Tolkien’s themes add to that heft. LoTR was written during World War II, and Tolkien was a soldier in World War I, where he lost all but one of his good friends. The atmosphere shaped the novels. The Dead Marshes and the approaches to the Morannon were based on northern France after the Battle of the Somme. Frodo and Sam’s camaraderie and grit towards the end of the story mirror the bond that soldiers form on the battlefield. LoTR also deals with themes entwined with war: friendship and fellowship in the face of impossible evil, courage where there is no hope left, and honour when there are no rewards. When the army of men makes it’s last stand against Mordor, with little hope of winning, you feel it. It speaks to us.
It’s this detail and gravitas that is Tolkien’s most palpable legacy: a world so rich, it could be real. As such, LoTR is a literal manifestation of Borges’s ‘innumerable narrations’—so varied, it is capable of offering something to almost everybody. Hippies of the 60s could reach towards the same text as theologians and pull out elements that feed their worldview (one an anti-war narrative and the other Catholic themes). That, perhaps, is the greatest test of a world: that it is as plural as the one we live in.

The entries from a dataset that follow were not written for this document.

(* For real $0\le x<1$, $$ \begin{aligned} \mathcal C_2\left(\tfrac x2\right)&=\left(2\cos\tfrac{\pi x}{2}\right)^{\frac x2}\exp\left(\frac1{2\pi}\sum_{n=1}^\infty \frac{(-1)^n\sin(\pi nx)}{n^{2}}\right), \\ \mathcal C_3\left(\tfrac x2\right)&=\left(2\cos\tfrac{\pi x}{2}\right)^{(\frac x2)^2}\exp\biggl(\frac1{2\pi^2}\sum_{n=1}^\infty \frac{(-1)^n\cos(\pi nx)}{n^{3}} +\frac x{2\pi}\sum_{n=1}^\infty \frac{(-1)^n\sin(\pi nx)}{n^{2}}+\frac1{2\pi^2}\zeta_E(3)\biggr),\\ \mathcal C_4\left(\tfrac x2\right)&=\left(2\cos\tfrac{\pi x}{2}\right)^{(\frac x2)^3}\exp\biggl(\frac{3x}{4\pi^2}\sum_{n=1}^\infty \frac{(-1)^n\cos(\pi nx)}{n^{3}} -\frac 3{4\pi^3}\sum_{n=1}^\infty \frac{(-1)^n\sin(\pi nx)}{n^{4}}+\frac{3x^2}{8\pi}\sum_{n=1}^\infty \frac{(-1)^n\sin(\pi nx)}{n^{2}}\biggr), \\ \mathcal C_5\left(\tfrac x2\right)&=\left(2\cos\tfrac{\pi x}{2}\right)^{(\frac x2)^4}\exp\biggl(-\frac{3}{2\pi^4}\sum_{n=1}^\infty \frac{(-1)^n\cos(\pi nx)}{n^{5}} +\frac{3x^2}{4\pi^2}\sum_{n=1}^\infty \frac{(-1)^n\cos(\pi nx)}{n^{3}}-\frac{3x}{2\pi^3}\sum_{n=1}^\infty \frac{(-1)^n\sin(\pi nx)}{n^{4}} \\ &\qquad+\frac{x^3}{4\pi}\sum_{n=1}^\infty \frac{(-1)^n\sin(\pi nx)}{n^{2}}-\frac3{2\pi^4}\zeta_E(5) \biggr). \end{aligned} $$
   Context: For an integer $r\ge2$ let $P_r(y)=(1-y)\exp\left(y+\frac{y^2}{2}+\cdots+\frac{y^r}{r}\right)$. For real $|x|<\tfrac12$, the Kurokawa–Koyama multiple cosine function of order $r$ is the convergent positive product $\mathcal C_r(x)=\prod_{n\ge1,\ n\text{ odd}}\left\{P_r\left(\frac{x}{n/2}\right)P_r\left(-\frac{x}{n/2}\right)^{(-1)^{r-1}}\right\}^{(n/2)^{r-1}}$. $\zeta_E(s)=\sum_{n=1}^\infty\frac{(-1)^{n+1}}{n^s}$. *)

theory Defs
  imports "HOL-Analysis.Analysis"
begin

definition P :: "nat \<Rightarrow> real \<Rightarrow> real" where
  "P r y = (1 - y) * exp (\<Sum>k=1..r. y ^ k / real k)"

definition mcos :: "nat \<Rightarrow> real \<Rightarrow> real" where
  "mcos r x = (\<Prod>k. (let h = (2 * real k + 1) / 2 in
      (P r (x / h) * P r (- x / h) powi ((-1) ^ (r - 1))) powr (h ^ (r - 1))))"

definition zetaE :: "real \<Rightarrow> real" where
  "zetaE s = (\<Sum>n. (-1) ^ n / (real (Suc n)) powr s)"
lemma nn_integral_rand_subset_power:
  assumes "0 \<le> r" "r \<le> 1" "0 \<le> a"
  shows "(\<integral>\<^sup>+D. ennreal (a ^ card D) \<partial>rand_subset r n) = ennreal ((1 - r + r * a) ^ n)"
proof (induction n)
  case 0
  then show ?case by simp
next
  case (Suc n)
  have last_coordinate: "(\<integral>\<^sup>+b. ennreal (a ^ card (if b then insert n A else A)) \<partial>bernoulli_pmf r)
      = ennreal (1 - r + r * a) * ennreal (a ^ card A)"
    if "A \<in> set_pmf (rand_subset r n)" for A
  proof -
    from set_pmf_rand_subset[OF that] have "n \<notin> A" "finite A"
      by (auto intro: finite_subset)
    then show ?thesis
      using assms by (simp add: ennreal_mult[symmetric] ennreal_plus[symmetric] del: ennreal_plus)
        (simp add: algebra_simps)
  qed
  have "(\<integral>\<^sup>+D. ennreal (a ^ card D) \<partial>rand_subset r (Suc n))
      = (\<integral>\<^sup>+A. ennreal (1 - r + r * a) * ennreal (a ^ card A) \<partial>rand_subset r n)"
    by (simp add: map_pmf_def) (intro nn_integral_cong_AE AE_pmfI last_coordinate)
  also have "\<dots> = ennreal (1 - r + r * a) * ennreal ((1 - r + r * a) ^ n)"
    by (subst nn_integral_cmult) (simp_all add: Suc)
  also have "\<dots> = ennreal ((1 - r + r * a) ^ Suc n)"
    using assms by (simp add: ennreal_mult[symmetric] del: ennreal_plus)
  finally show ?case .
qed

lemma emeasure_rand_subset_card_gt:
  assumes "0 \<le> r" "r \<le> 1"
  shows "emeasure (rand_subset r n) {D. t < real (card D)} \<le> ennreal ((1 + r) ^ n * 2 powr (- t))"
proof -
  have "1 \<le> ennreal (2 powr (- t)) * ennreal (2 ^ card D)" if "t < real (card D)" for D :: "nat set"
  proof -
    have "1 \<le> 2 powr (real (card D) - t)"
      using that by (intro ge_one_powr_ge_zero) auto
    then show ?thesis
      by (simp add: ennreal_mult[symmetric] powr_diff powr_realpow powr_minus divide_inverse mult.commute)
  qed
  then have "emeasure (rand_subset r n) {D. t < real (card D)}
      \<le> emeasure (rand_subset r n) {D \<in> UNIV. 1 \<le> ennreal (2 powr (- t)) * ennreal (2 ^ card D)}"
    by (intro emeasure_mono) auto
  also have "\<dots> \<le> ennreal (2 powr (- t)) * (\<integral>\<^sup>+D. ennreal (2 ^ card D) * indicator UNIV D \<partial>rand_subset r n)"
    by (rule nn_integral_Markov_inequality) auto
  also have "\<dots> = ennreal (2 powr (- t)) * ennreal ((1 + r) ^ n)"
    using nn_integral_rand_subset_power[OF assms, of 2 n] by (simp add: add.commute)
  also have "\<dots> = ennreal ((1 + r) ^ n * 2 powr (- t))"
    using assms by (simp add: ennreal_mult mult.commute)
  finally show ?thesis .
qed

lemma rand_subset_card_tail:
  assumes "0 < q" "q \<le> 1"
  shows "emeasure (rand_subset (q/2) n) {D. q * real n < real (card D)}
    \<le> ennreal (2 powr (- (1/4) * q * real n))"
proof -
  have "(1 + q/2) ^ n \<le> exp (q/2) ^ n"
    using assms by (intro power_mono) (auto simp: exp_ge_add_one_self)
  also have "\<dots> = exp (q * real n / 2)"
    by (simp flip: exp_of_nat_mult add: mult.commute)
  also have "\<dots> \<le> 2 powr (3/4 * q * real n)"
    using ln2_ge_two_thirds mult_left_mono[of "2/3" "ln 2" "3/4 * q * real n"] assms
    by (simp add: powr_def)
  finally have "(1 + q/2) ^ n * 2 powr (- q * real n) \<le> 2 powr (3/4 * q * real n) * 2 powr (- q * real n)"
    by (rule mult_right_mono) simp
  also have "\<dots> = 2 powr (- (1/4) * q * real n)"
    by (simp flip: powr_add)
  finally have bound: "(1 + q/2) ^ n * 2 powr (- q * real n) \<le> 2 powr (- (1/4) * q * real n)" .
  have "emeasure (rand_subset (q/2) n) {D. q * real n < real (card D)}
      \<le> ennreal ((1 + q/2) ^ n * 2 powr (- (q * real n)))"
    by (rule emeasure_rand_subset_card_gt) (use assms in auto)
  also have "\<dots> \<le> ennreal (2 powr (- (1/4) * q * real n))"
    using bound by (intro ennreal_leI) simp
  finally show ?thesis .
qed

lemma pair_pmf_bind_pmf_right: "pair_pmf A (bind_pmf B F) = bind_pmf B (\<lambda>b. pair_pmf A (F b))"
  unfolding pair_pmf_def by (simp add: bind_assoc_pmf) (rule bind_commute_pmf)

lemma emeasure_bind_pmf_le_add:
  fixes F :: "'a \<Rightarrow> 'b pmf"
  assumes "\<And>a. a \<in> set_pmf A \<Longrightarrow> a \<notin> B \<Longrightarrow> emeasure (F a) X \<le> b"
  shows "emeasure (bind_pmf A F) X \<le> b + emeasure A B"
proof -
  have "emeasure (bind_pmf A F) X = (\<integral>\<^sup>+x. indicator X x \<partial>bind_pmf A F)"
    by simp
  also have "\<dots> = (\<integral>\<^sup>+a. emeasure (F a) X \<partial>A)"
    by simp
  also have "\<dots> \<le> (\<integral>\<^sup>+a. b + indicator B a \<partial>A)"
    using assms by (intro nn_integral_mono_AE AE_pmfI)
      (auto intro: order_trans[OF measure_pmf.emeasure_le_1] add_increasing split: split_indicator)
  also have "\<dots> = b + emeasure A B"
    by (simp add: nn_integral_add measure_pmf.emeasure_space_1)
  finally show ?thesis .
qed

High or epic fantasy is now a popular genre. From J. K. Rowling’s Harry Potter universe to George R.R. Martin’s grittier and more ruthless A Song of Ice and Fire, novelists carry forward Tolkien’s gift of world-building, creating universes alien from us but with hearts that are distinctly human. Each one attempts to become a manifestation of Borges’s ‘innumerable narrations’, a world where a line, a song, a thought could yield another story.
Along the way, they must meet Tolkien. Who can write about an elf without thinking of Galadriel? What quest or friendship doesn’t remind you of Frodo and Sam, trudging through the lands of Mordor? Most wise wizards must face up to Gandalf, most ambivalent heroes must stare Aragon down, and a dark lord must match Sauron. And that is precisely LoTR’s influence on modern fantasy- it is as real to us as our world. In some way or another, either through the books, the movies or through conversation, we have all lived in it.